[Saved data entries]
▼
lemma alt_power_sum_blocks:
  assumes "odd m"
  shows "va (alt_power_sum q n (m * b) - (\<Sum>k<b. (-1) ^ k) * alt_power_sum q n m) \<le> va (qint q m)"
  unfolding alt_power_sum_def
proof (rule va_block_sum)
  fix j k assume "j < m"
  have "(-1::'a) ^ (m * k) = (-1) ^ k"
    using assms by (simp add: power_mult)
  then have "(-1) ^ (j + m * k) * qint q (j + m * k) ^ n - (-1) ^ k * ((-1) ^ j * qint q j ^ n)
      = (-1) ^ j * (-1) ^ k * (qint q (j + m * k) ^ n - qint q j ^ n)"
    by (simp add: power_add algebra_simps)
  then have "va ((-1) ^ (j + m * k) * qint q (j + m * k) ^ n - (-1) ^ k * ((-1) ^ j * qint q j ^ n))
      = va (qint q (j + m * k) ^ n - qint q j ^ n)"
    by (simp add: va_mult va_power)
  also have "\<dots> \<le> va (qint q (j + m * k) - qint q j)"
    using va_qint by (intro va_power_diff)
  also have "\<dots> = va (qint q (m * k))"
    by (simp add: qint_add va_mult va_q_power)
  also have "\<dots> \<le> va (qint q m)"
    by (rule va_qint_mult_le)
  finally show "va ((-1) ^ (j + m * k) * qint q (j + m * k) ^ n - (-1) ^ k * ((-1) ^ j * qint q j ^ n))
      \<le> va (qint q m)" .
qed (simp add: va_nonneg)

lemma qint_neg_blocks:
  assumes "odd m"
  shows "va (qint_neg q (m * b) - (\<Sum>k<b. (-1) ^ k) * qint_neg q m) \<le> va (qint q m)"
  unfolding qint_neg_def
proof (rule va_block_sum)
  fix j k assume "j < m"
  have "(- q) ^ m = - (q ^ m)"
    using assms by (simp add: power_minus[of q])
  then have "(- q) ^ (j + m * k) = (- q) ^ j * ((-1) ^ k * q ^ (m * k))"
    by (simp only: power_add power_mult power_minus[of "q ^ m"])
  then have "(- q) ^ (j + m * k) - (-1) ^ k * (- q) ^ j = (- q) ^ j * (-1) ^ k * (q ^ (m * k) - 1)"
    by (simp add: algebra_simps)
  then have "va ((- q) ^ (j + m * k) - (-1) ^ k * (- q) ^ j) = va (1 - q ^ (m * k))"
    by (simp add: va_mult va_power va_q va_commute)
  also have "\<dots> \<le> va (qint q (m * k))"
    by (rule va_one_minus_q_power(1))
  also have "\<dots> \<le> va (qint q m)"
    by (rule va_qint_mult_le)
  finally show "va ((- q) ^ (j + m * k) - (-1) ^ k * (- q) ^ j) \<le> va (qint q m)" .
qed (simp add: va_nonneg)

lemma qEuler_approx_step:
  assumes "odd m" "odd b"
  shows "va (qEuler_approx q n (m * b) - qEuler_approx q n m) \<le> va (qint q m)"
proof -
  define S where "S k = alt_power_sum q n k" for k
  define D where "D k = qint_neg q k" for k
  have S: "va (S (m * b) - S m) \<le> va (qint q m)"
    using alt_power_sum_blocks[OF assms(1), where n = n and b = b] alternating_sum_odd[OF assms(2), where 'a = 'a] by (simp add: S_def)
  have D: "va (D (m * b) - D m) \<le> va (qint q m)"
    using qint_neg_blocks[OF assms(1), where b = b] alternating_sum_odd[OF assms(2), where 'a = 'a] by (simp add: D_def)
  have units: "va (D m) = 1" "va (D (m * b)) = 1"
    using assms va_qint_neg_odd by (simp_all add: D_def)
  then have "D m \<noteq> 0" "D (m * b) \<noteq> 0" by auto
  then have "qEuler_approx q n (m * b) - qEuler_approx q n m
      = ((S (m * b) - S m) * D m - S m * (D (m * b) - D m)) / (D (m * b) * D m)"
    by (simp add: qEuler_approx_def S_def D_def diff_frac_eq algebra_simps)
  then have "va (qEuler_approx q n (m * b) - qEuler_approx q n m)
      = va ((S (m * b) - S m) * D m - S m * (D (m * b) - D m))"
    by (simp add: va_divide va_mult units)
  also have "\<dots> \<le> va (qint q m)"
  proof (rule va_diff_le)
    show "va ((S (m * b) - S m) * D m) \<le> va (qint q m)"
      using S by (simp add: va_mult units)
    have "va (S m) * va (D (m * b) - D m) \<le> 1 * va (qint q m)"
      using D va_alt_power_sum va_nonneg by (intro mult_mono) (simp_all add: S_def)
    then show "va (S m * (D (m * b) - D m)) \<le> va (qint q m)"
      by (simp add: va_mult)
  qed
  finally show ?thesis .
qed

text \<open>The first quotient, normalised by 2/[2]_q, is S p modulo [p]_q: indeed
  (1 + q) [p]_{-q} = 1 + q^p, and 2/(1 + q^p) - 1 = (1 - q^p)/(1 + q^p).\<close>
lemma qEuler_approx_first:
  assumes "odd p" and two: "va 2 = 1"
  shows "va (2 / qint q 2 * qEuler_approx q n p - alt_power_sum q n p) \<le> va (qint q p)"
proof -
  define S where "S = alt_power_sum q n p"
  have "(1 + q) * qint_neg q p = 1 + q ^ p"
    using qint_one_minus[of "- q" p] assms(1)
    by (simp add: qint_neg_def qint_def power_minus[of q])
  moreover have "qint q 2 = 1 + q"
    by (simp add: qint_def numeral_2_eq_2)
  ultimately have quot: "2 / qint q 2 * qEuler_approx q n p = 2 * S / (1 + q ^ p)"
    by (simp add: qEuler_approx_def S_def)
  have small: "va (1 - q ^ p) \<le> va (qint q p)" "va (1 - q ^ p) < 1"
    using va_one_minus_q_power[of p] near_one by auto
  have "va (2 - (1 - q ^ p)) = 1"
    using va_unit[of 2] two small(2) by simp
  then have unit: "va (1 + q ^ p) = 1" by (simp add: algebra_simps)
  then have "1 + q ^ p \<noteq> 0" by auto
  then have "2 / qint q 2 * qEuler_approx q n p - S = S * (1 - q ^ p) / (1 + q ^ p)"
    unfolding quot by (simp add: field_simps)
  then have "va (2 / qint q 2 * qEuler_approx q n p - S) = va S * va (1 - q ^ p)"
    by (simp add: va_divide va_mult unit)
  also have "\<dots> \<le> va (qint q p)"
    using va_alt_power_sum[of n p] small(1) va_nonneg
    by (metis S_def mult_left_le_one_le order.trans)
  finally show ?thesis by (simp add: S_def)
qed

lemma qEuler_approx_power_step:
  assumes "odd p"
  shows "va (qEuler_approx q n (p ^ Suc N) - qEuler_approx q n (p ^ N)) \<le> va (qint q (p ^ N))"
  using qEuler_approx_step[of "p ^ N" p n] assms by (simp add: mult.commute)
▲
=== The task ===
Which lines in the data hold the string "intro"? Copy each of them.

=== Response ===
    using va_qint by (intro va_power_diff)
      using D va_alt_power_sum va_nonneg by (intro mult_mono) (simp_all add: S_def)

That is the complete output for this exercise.